The truth can set you free – on the other hand, it can also lose you your friends and your job. Dave, the man in the corner of Milne’s Bar nursing a bottle of bud and that telling stubble, can no longer lie; he can’t even tell his ten year old nephew the white lie that his drawing is lovely.

A civil servant, working at Westminster for the wonderfully named Department of Strategic and Tactical Development or STD, Dave is disillusioned by his job, by his boss, by modern life. When his boss, Ben, persuades him to lighten up and join them on a night out, this only serves to heighten his disgust and loosen his tongue. He launches into a vitriolic diatribe in the pub toilet and tells his boss exactly what he thinks of him in no uncertain terms.

Having reduced Ben to tears, Dave sets out on a drunken Pilgrim’s Progress voyage of redemption through London. Fuelled by copious consumption of Merlot and vodka, punctuated by place-names like some dark Dionysian London A-Z, Dave wends his way home.

Raging with fury at modern day life, Dave is a deeply misanthropic, world-weary character but his dissection of 21st century banality resonates with truth.
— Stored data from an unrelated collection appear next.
lemma penalty_tendsto_at_top:
  fixes \<rho> :: "nat \<Rightarrow> real"
  assumes "\<rho> 0 > 0" and "\<beta> > 1" and step: "\<And>k. \<rho> (Suc k) = \<rho> k \<or> \<rho> (Suc k) = \<beta> * \<rho> k"
    and increased: "frequently (\<lambda>k. \<rho> (Suc k) = \<beta> * \<rho> k) sequentially"
  shows "filterlim \<rho> at_top sequentially"
proof -
  have inc: "incseq \<rho>" using penalty_incseq[of \<rho> \<beta>] assms by simp
  have "\<exists>K. \<forall>k\<ge>K. \<rho> 0 * \<beta> ^ n \<le> \<rho> k" for n
  proof (induction n)
    case 0
    show ?case using inc by (auto simp: incseq_def)
  next
    case (Suc n)
    then obtain K where K: "\<And>k. k \<ge> K \<Longrightarrow> \<rho> 0 * \<beta> ^ n \<le> \<rho> k" by blast
    obtain k where "k \<ge> K" and k: "\<rho> (Suc k) = \<beta> * \<rho> k"
      using increased unfolding frequently_sequentially by blast
    then have "\<rho> 0 * \<beta> ^ Suc n \<le> \<rho> (Suc k)" using K \<open>\<beta> > 1\<close> by simp
    then have "\<rho> 0 * \<beta> ^ Suc n \<le> \<rho> j" if "j \<ge> Suc k" for j
      using incseqD[OF inc that] by linarith
    then show ?case by blast
  qed
  moreover have "\<exists>n. Z \<le> \<rho> 0 * \<beta> ^ n" for Z
  proof -
    obtain n where "Z / \<rho> 0 < \<beta> ^ n" using real_arch_pow[OF \<open>\<beta> > 1\<close>] by blast
    then show ?thesis using \<open>\<rho> 0 > 0\<close> by (auto simp: field_simps intro: less_imp_le)
  qed
  ultimately show ?thesis
    unfolding filterlim_at_top eventually_sequentially by (meson order_trans)
qed

lemma geometric_decay_tendsto_zero:
  fixes a :: "nat \<Rightarrow> real"
  assumes nonneg: "\<And>k. 0 \<le> a k" and "0 \<le> \<eta>" and "\<eta> < 1"
    and decay: "eventually (\<lambda>k. a (Suc k) \<le> \<eta> * a k) sequentially"
  shows "a \<longlonglongrightarrow> 0"
proof -
  obtain N where N: "\<And>k. k \<ge> N \<Longrightarrow> a (Suc k) \<le> \<eta> * a k"
    using decay by (auto simp: eventually_sequentially)
  have bound: "norm (a (n + N)) \<le> \<eta> ^ n * a N" for n
  proof (induction n)
    case (Suc n)
    have "a (Suc n + N) \<le> \<eta> * a (n + N)" using N[of "n + N"] by simp
    also have "\<dots> \<le> \<eta> ^ Suc n * a N"
      using mult_left_mono[OF Suc \<open>0 \<le> \<eta>\<close>] nonneg by (simp add: mult.assoc)
    finally show ?case using nonneg by simp
  qed (simp add: nonneg)
  have "(\<lambda>n. \<eta> ^ n * a N) \<longlonglongrightarrow> 0"
    using \<open>0 \<le> \<eta>\<close> \<open>\<eta> < 1\<close> by (intro tendsto_mult_left_zero LIMSEQ_power_zero) simp
  then have "(\<lambda>n. a (n + N)) \<longlonglongrightarrow> 0"
    by (rule Lim_null_comparison[rotated]) (use bound in \<open>simp add: always_eventually\<close>)
  then show ?thesis by (rule LIMSEQ_offset)
qed

lemma safeguarded_penalty_dichotomy:
  fixes a \<rho> :: "nat \<Rightarrow> real"
  assumes "\<rho> 0 > 0" and "\<beta> > 1" and "0 \<le> \<eta>" and "\<eta> < 1" and "\<And>k. 0 \<le> a k"
    and update: "\<And>k. \<rho> (Suc k) = (if k = 0 \<or> a k \<le> \<eta> * a (k - 1) then \<rho> k else \<beta> * \<rho> k)"
  shows "a \<longlonglongrightarrow> 0 \<or> filterlim \<rho> at_top sequentially"
proof (cases "eventually (\<lambda>k. a (Suc k) \<le> \<eta> * a k) sequentially")
  case True
  then show ?thesis using geometric_decay_tendsto_zero assms(3-5) by blast
next
  case False
  then have "frequently (\<lambda>k. \<rho> (Suc (Suc k)) = \<beta> * \<rho> (Suc k)) sequentially"
    unfolding not_eventually by (rule frequently_elim1) (simp add: update[of "Suc k" for k])
  then have "frequently (\<lambda>k. \<rho> (Suc k) = \<beta> * \<rho> k) sequentially"
    unfolding frequently_def eventually_sequentially_Suc[of "\<lambda>k. \<rho> (Suc k) \<noteq> \<beta> * \<rho> k"] .
  moreover have "\<rho> (Suc k) = \<rho> k \<or> \<rho> (Suc k) = \<beta> * \<rho> k" for k using update[of k] by auto
  ultimately show ?thesis using penalty_tendsto_at_top[of \<rho> \<beta>] assms(1,2) by blast
qed

lemma bounded_scaleR_inverse_tendsto_zero:
  fixes u :: "nat \<Rightarrow> 'a::real_normed_vector" and \<rho> :: "nat \<Rightarrow> real"
  assumes "bounded (range u)" and "filterlim \<rho> at_top sequentially"
  shows "(\<lambda>k. (1 / \<rho> k) *\<^sub>R u k) \<longlonglongrightarrow> 0"
proof -
  obtain B where B: "\<And>k. norm (u k) \<le> B" using assms(1) unfolding bounded_iff by blast
  have "(\<lambda>k. B * inverse (\<rho> k)) \<longlonglongrightarrow> 0"
    by (intro tendsto_mult_right_zero tendsto_inverse_0_at_top assms(2))
  moreover have "eventually (\<lambda>k. norm ((1 / \<rho> k) *\<^sub>R u k) \<le> B * inverse (\<rho> k)) sequentially"
    using filterlim_at_top_dense[THEN iffD1, OF assms(2), rule_format, of 0]
  proof (rule eventually_mono)
    fix k assume "0 < \<rho> k"
    then show "norm ((1 / \<rho> k) *\<^sub>R u k) \<le> B * inverse (\<rho> k)"
      using B[of k] by (simp add: divide_inverse mult.commute mult_left_mono)
  qed
  ultimately show ?thesis by (rule Lim_null_comparison[rotated])
qed

lemma projection_residual_tendsto_zero:
  fixes C :: "'y::euclidean_space set"
  assumes "convex C" and "closed C" and "y \<in> C" and ys: "ys \<longlonglongrightarrow> y" and vs: "vs \<longlonglongrightarrow> 0"
  shows "(\<lambda>j. ys j - closest_point C (ys j + vs j)) \<longlonglongrightarrow> 0"
proof -
  have "(\<lambda>j. closest_point C (ys j + vs j)) \<longlonglongrightarrow> closest_point C (y + 0)"
    using assms
    by (intro continuous_on_tendsto_compose[OF continuous_on_closest_point[where t=UNIV]] tendsto_add)
      auto
  then have "(\<lambda>j. ys j - closest_point C (ys j + vs j)) \<longlonglongrightarrow> y - closest_point C y"
    using ys by (intro tendsto_diff) simp_all
  then show ?thesis using closest_point_self[OF \<open>y \<in> C\<close>] by simp
qed

lemma subseq_predecessor:
  assumes "strict_mono r" and "(x \<circ> r) \<longlonglongrightarrow> l"
  obtains s where "strict_mono s" and "(\<lambda>j. x (Suc (s j))) \<longlonglongrightarrow> l"
proof
  define s where "s j = r (Suc j) - 1" for j
  have s_Suc: "Suc (s j) = r (Suc j)" for j
    using seq_suble[OF assms(1), of "Suc j"] by (simp add: s_def)
  show "strict_mono s"
    unfolding strict_mono_Suc_iff using strict_monoD[OF assms(1)] s_Suc
    by (metis Suc_less_SucD lessI)
  show "(\<lambda>j. x (Suc (s j))) \<longlonglongrightarrow> l"
    using LIMSEQ_Suc[OF assms(2)] by (simp add: s_Suc comp_def)
qed

lemma projection_residual_subseq_tendsto_zero:
  fixes G :: "'w::topological_space \<Rightarrow> 'y::euclidean_space"
  assumes "convex C" and "closed C" and "continuous_on UNIV G" and "G wb \<in> C"
    and "bounded (range u)" and s: "strict_mono s" and xs: "(\<lambda>j. x (s j)) \<longlonglongrightarrow> wb"
    and "(\<lambda>k. norm (G (x k) - closest_point C (G (x k) + (1 / \<rho> k) *\<^sub>R u k))) \<longlonglongrightarrow> 0
         \<or> filterlim \<rho> at_top sequentially"
  shows "(\<lambda>j. G (x (s j)) - closest_point C (G (x (s j)) + (1 / \<rho> (s j)) *\<^sub>R u (s j))) \<longlonglongrightarrow> 0"
  using assms(8)
proof
  assume "(\<lambda>k. norm (G (x k) - closest_point C (G (x k) + (1 / \<rho> k) *\<^sub>R u k))) \<longlonglongrightarrow> 0"
  then show ?thesis using LIMSEQ_subseq_LIMSEQ[OF _ s] by (simp add: tendsto_norm_zero_iff comp_def)
next
  assume "filterlim \<rho> at_top sequentially"
  with \<open>bounded (range u)\<close> have "(\<lambda>k. (1 / \<rho> k) *\<^sub>R u k) \<longlonglongrightarrow> 0"
    by (rule bounded_scaleR_inverse_tendsto_zero)
  then have "(\<lambda>j. (1 / \<rho> (s j)) *\<^sub>R u (s j)) \<longlonglongrightarrow> 0"
    using LIMSEQ_subseq_LIMSEQ[OF _ s] by (simp add: comp_def)
  moreover from continuous_on_tendsto_compose[OF \<open>continuous_on UNIV G\<close> xs]
  have "(\<lambda>j. G (x (s j))) \<longlonglongrightarrow> G wb" by simp
  ultimately show ?thesis
    by (rule projection_residual_tendsto_zero[OF assms(1,2,4), rotated])
qed

lemma M_stationary_of_neg_gradient_in_AM_map:
  assumes "- Df wb \<in> AM_map G DG C D wb 0"
  shows "\<exists>l. 0 \<in> (\<lambda>v. Df wb + adjoint (blinfun_apply (DG wb)) l + v) ` lim_normal_cone D wb
             \<and> l \<in> normal_cone_cvx C (G wb)"
proof -
  obtain l v where "- Df wb = adjoint (blinfun_apply (DG wb)) l + v"
      and "l \<in> normal_cone_cvx C (G wb)" and "v \<in> lim_normal_cone D wb"
    using assms unfolding AM_map_def by auto
  then show ?thesis
    by (intro exI[of _ l]) (auto simp: image_iff add.assoc intro!: bexI[of _ v] dest: sym)
qed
Trystan Gravelle’s performance as Dave finds a skilful balance that lets us warm to this dark and bitter character and find sympathy with his worldview.

As George Burns famously said, “Acting is all about honesty. If you can fake that, you’ve got it made”. Trystan Gravelle has got it made.

Exploring how much honesty is acceptable and the lies we tell one another, DC Moore’s script is darkly sinuous and piercingly funny. The gags come thick and fast, the word play is skilfully constructed and the wit is perfectly directed. Definitely a playwright to watch.

And a performance to watch. This one-man performance may only be 45 minutes long but it certainly packs its punches and picks its targets.